definition general_position :: "(real^2) set \<Rightarrow> bool" where
  "general_position P \<longleftrightarrow>
     (\<forall>a\<in>P. \<forall>b\<in>P. \<forall>c\<in>P. a \<noteq> b \<and> a \<noteq> c \<and> b \<noteq> c \<longrightarrow> \<not> collinear {a, b, c})"

definition seg_vertices :: "(real^2) set \<Rightarrow> (real^2) set set" where
  "seg_vertices P = {closed_segment a b | a b. a \<in> P \<and> b \<in> P \<and> a \<noteq> b}"

definition seg_adj :: "(real^2) set \<Rightarrow> (real^2) set \<Rightarrow> bool" where
  "seg_adj S T \<longleftrightarrow> S \<inter> T = {}"

end

theory Submission
  imports Defs
begin

text \<open>A hull edge ab of P, with all other points of P strictly to the left of the directed line
  ab, is disjoint from every segment that has neither a nor b as an endpoint. Following hull edges
  from a vertex of the convex hull, the walk can only close up after passing every point exposed by
  a linear functional, so with ten points on the boundary it visits ten distinct points and yields
  a set W of five pairwise vertex-disjoint hull edges. Two segments have at most four endpoints, so
  some edge of W is disjoint from both. Hence any two vertices of D(P) outside W are adjacent or
  have a common neighbour in W, and D(P) without W is a mutual-visibility set of size at least
  C(n,2) - 5.\<close>

definition det2 :: "real^2 \<Rightarrow> real^2 \<Rightarrow> real" where
  "det2 a b = a$1 * b$2 - a$2 * b$1"

definition orient :: "real^2 \<Rightarrow> real^2 \<Rightarrow> real^2 \<Rightarrow> real" where
  "orient a b c = det2 (b - a) (c - a)"

lemma vec2_eq_iff: "(x::real^2) = y \<longleftrightarrow> x$1 = y$1 \<and> x$2 = y$2"
  by (simp add: vec_eq_iff forall_2)

lemma inner_vec2: "(x::real^2) \<bullet> y = x$1 * y$1 + x$2 * y$2"
  by (simp add: inner_vec_def sum_2)

lemma orient_swap: "orient a b c = - orient b a c"
  by (simp add: orient_def det2_def algebra_simps)

lemma orient_swap': "orient a b c = - orient a c b"
  by (simp add: orient_def det2_def algebra_simps)

lemma orient_rotate: "orient a b c = orient b c a"
  by (simp add: orient_def det2_def algebra_simps)

lemma orient_self [simp]: "orient a b a = 0" "orient a b b = 0"
  by (simp_all add: orient_def det2_def)

lemma det2_eq_0_imp_parallel:
  assumes "det2 x y = 0" "x \<noteq> 0"
  shows "\<exists>k. y = k *\<^sub>R x"
proof (cases "x$1 = 0")
  case True
  then have "x$2 \<noteq> 0" using assms(2) by (simp add: vec2_eq_iff)
  then show ?thesis
    using assms(1) True by (intro exI[of _ "y$2 / x$2"]) (simp add: vec2_eq_iff det2_def)
next
  case False
  then show ?thesis
    using assms(1) by (intro exI[of _ "y$1 / x$1"]) (simp add: vec2_eq_iff det2_def field_simps)
qed

lemma orient_eq_0_imp_collinear:
  assumes "orient a b c = 0" "a \<noteq> b"
  shows "collinear {a, b, c}"
proof -
  have "collinear {0, b - a, c - a}"
    using det2_eq_0_imp_parallel assms by (simp add: orient_def collinear_lemma)
  moreover have "{a, b, c} = {b, a, c}" by auto
  ultimately show ?thesis by (simp add: collinear_3)
qed

lemma general_position_orient_nonzero:
  assumes "general_position P" "a \<in> P" "b \<in> P" "c \<in> P" "a \<noteq> b" "a \<noteq> c" "b \<noteq> c"
  shows "orient a b c \<noteq> 0"
  using assms orient_eq_0_imp_collinear unfolding general_position_def by blast

lemma det2_cyclic_dependence: "det2 a b *\<^sub>R c + det2 b c *\<^sub>R a + det2 c a *\<^sub>R b = 0"
  by (simp add: vec2_eq_iff det2_def algebra_simps)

TASK TO COMPLETE
Show the lines of the records that include the string "have".

WRITTEN SOLUTION
  a set W of five pairwise vertex-disjoint hull edges. Two segments have at most four endpoints, so
  have a common neighbour in W, and D(P) without W is a mutual-visibility set of size at least
  then have "x$2 \<noteq> 0" using assms(2) by (simp add: vec2_eq_iff)
  have "collinear {0, b - a, c - a}"
  moreover have "{a, b, c} = {b, a, c}" by auto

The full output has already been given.